Friday, February 15, 2019
Teaching Workers’ Compensation Causation in Law School
I’m fortunate to have had all my workers’ compensation students as torts students in their first year of law school. I’m in a good position to explain to them that references in workers’ compensation statutes and cases to legal phrases like “proximate” causation and “foreseeability” can muddy the distinction between negligence and workers’ compensation causation analyses.
Most students of workers’ compensation quickly become aware of the “no fault” nature of workers’ compensation. What one really means by “no fault” is that workers’ compensation “liability” is not predicated on an employer’s breach of a “reasonably prudent person” standard of care. One of the problems with importing the concept of foreseeability into workers’ compensation is that it suggests that a breach analysis is being carried out: having foreseen a risk of harm did the defendant unreasonably fail to avoid the harm? Such a breach analysis is foreign to compensation law, of course. But foreseeability, in addition to suggesting the existence of a fault-based, breach analysis, also implies that proximate cause is relevant to workers’ compensation analysis.
Leaving to one side the problem that tort lawyers frequently debate the propriety and imprecision of the term “proximate cause”— many preferring in its stead the phrase “legal” cause — proximate cause also is analyzed in terms of foreseeability. In short, it is often concluded that, under principles of proximate cause, a defendant should not be held liable for what she could not have foreseen. In workers’ compensation, on the other hand, liability in most jurisdictions turns either on whether the workplace has increased the risk of the injury suffered (increased risk test); or whether the employee, even if injured by a “neutral” risk, would not have suffered injury but for her presence in the workplace (positional risk test). Notice the complete absence of considerations of foreseeability in the analysis. (Unhelpfully, in Wyoming one of the required factors for compensation of “injuries which occur over a period of time” is that “the injury can fairly be traced to the employment as a proximate cause . . .”)

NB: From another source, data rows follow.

lemma avi_loss_lower:
  assumes mdp: "is_mdp p g"
    and super: "\<And>j s. j < n \<Longrightarrow> T_pol r p g (q (Suc j)) (z j) s \<le> z (Suc j) s"
    and step: "\<And>j. j < n \<Longrightarrow> w (Suc j) = (\<lambda>s. T_pol r p g (q (Suc j)) (w j) s + e (Suc j) s)"
  shows "g ^ n * vmin (\<lambda>s. z 0 s - w 0 s) - disc_sum g (\<lambda>i. vmax (e i)) n
    \<le> vmin (\<lambda>s. z n s - w n s)"
  using super step
proof (induction n)
  case (Suc n)
  have IH: "g ^ n * vmin (\<lambda>s. z 0 s - w 0 s) - disc_sum g (\<lambda>i. vmax (e i)) n \<le> vmin (\<lambda>s. z n s - w n s)"
    by (rule Suc.IH) (simp_all add: Suc.prems)
  have "g ^ Suc n * vmin (\<lambda>s. z 0 s - w 0 s) - disc_sum g (\<lambda>i. vmax (e i)) (Suc n)
      = g * (g ^ n * vmin (\<lambda>s. z 0 s - w 0 s) - disc_sum g (\<lambda>i. vmax (e i)) n) - vmax (e (Suc n))"
    by (simp add: algebra_simps)
  also have "\<dots> \<le> g * vmin (\<lambda>s. z n s - w n s) - vmax (e (Suc n))"
    using IH mdp by (simp add: is_mdp_def mult_left_mono)
  also have "\<dots> \<le> vmin (\<lambda>s. z (Suc n) s - w (Suc n) s)"
  proof (rule vmin_geI)
    fix s
    have "w (Suc n) s = T_pol r p g (q (Suc n)) (w n) s + e (Suc n) s"
      using Suc.prems(2)[of n] by simp
    then show "g * vmin (\<lambda>s. z n s - w n s) - vmax (e (Suc n)) \<le> z (Suc n) s - w (Suc n) s"
      using Suc.prems(1)[of n s] T_pol_diff_ge[OF mdp, of "z n" "w n" r "q (Suc n)" s]
        vmax_ge[of "e (Suc n)" s] by linarith
  qed
  finally show ?case .
qed simp

lemma avi_gap_bound:
  assumes mdp: "is_mdp p g" and vstar: "T_opt r p g vstar = vstar"
    and greedy: "\<And>j. j < n \<Longrightarrow> greedy r p g (q (Suc j)) (w j)"
    and step: "\<And>j. j < n \<Longrightarrow> w (Suc j) = (\<lambda>s. T_pol r p g (q (Suc j)) (w j) s + e (Suc j) s)"
    and super: "\<And>j s. j < n \<Longrightarrow> T_pol r p g (q (Suc j)) (z j) s \<le> z (Suc j) s"
    and z0: "z 0 = vstar"
  shows "vstar s - z n s \<le> g ^ n * span (\<lambda>s. vstar s - w 0 s) + disc_sum g (\<lambda>i. span (e i)) n"
proof -
  have "vstar s - z n s = (vstar s - w n s) - (z n s - w n s)"
    by simp
  also have "\<dots> \<le> vmax (\<lambda>s. vstar s - w n s) - vmin (\<lambda>s. z n s - w n s)"
    by (intro diff_mono vmax_ge vmin_le)
  also have "\<dots> \<le> (g ^ n * vmax (\<lambda>s. vstar s - w 0 s) - disc_sum g (\<lambda>i. vmin (e i)) n)
      - (g ^ n * vmin (\<lambda>s. vstar s - w 0 s) - disc_sum g (\<lambda>i. vmax (e i)) n)"
    using avi_loss_upper[where q=q and w=w and e=e and n=n, OF mdp vstar greedy step]
      avi_loss_lower[where q=q and w=w and e=e and z=z and n=n, OF mdp super step] z0
    by (simp add: diff_mono)
  also have "\<dots> = g ^ n * span (\<lambda>s. vstar s - w 0 s) + disc_sum g (\<lambda>i. span (e i)) n"
    using disc_sum_diff[of g "\<lambda>i. vmax (e i)" n "\<lambda>i. vmin (e i)"]
    by (simp add: span_def algebra_simps)
  finally show ?thesis .
qed

text \<open>Comparison sequence for the periodic policy: z_j = V for j <= l and
  z_j = T_{pol j} z_{j-1} for j > l, written as z_j = Tseq (pol j, pol (j-1), ...) (j - l) V.
  It satisfies the hypothesis of avi_loss_lower, since T_pol V <= T_opt V = V.\<close>

lemma Tseq_tail_super:
  assumes mdp: "is_mdp p g" and vstar: "T_opt r p g vstar = vstar"
  shows "T_pol r p g (pol (Suc j)) (Tseq r p g (\<lambda>t. pol (j - t)) (j - l) vstar) s
    \<le> Tseq r p g (\<lambda>t. pol (Suc j - t)) (Suc j - l) vstar s"
proof (cases "Suc j \<le> l")
  case True
  then show ?thesis
    using T_opt_ge[of r p g "pol (Suc j)" vstar s] vstar by simp
next
  case False
  then have "Suc j - l = Suc (j - l)"
    by simp
  then show ?thesis
    by simp
qed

In a recent class we discussed “Good Samaritan” doctrine. I pointed out that in some jurisdictions whether an employee has left the course of employment to assist a third-party who is in danger (danger invites rescue!), thereby potentially rendering a resulting injury non-compensable, depends on whether the employer could foresee the attempt. It did my heart good to see the entire first row cringe. I dislike the use of the phrases proximate cause and foreseeability in workers' compensation law almost as much as I disapprove of major legal disputes being referred to in leading electronic legal news services as “rows.”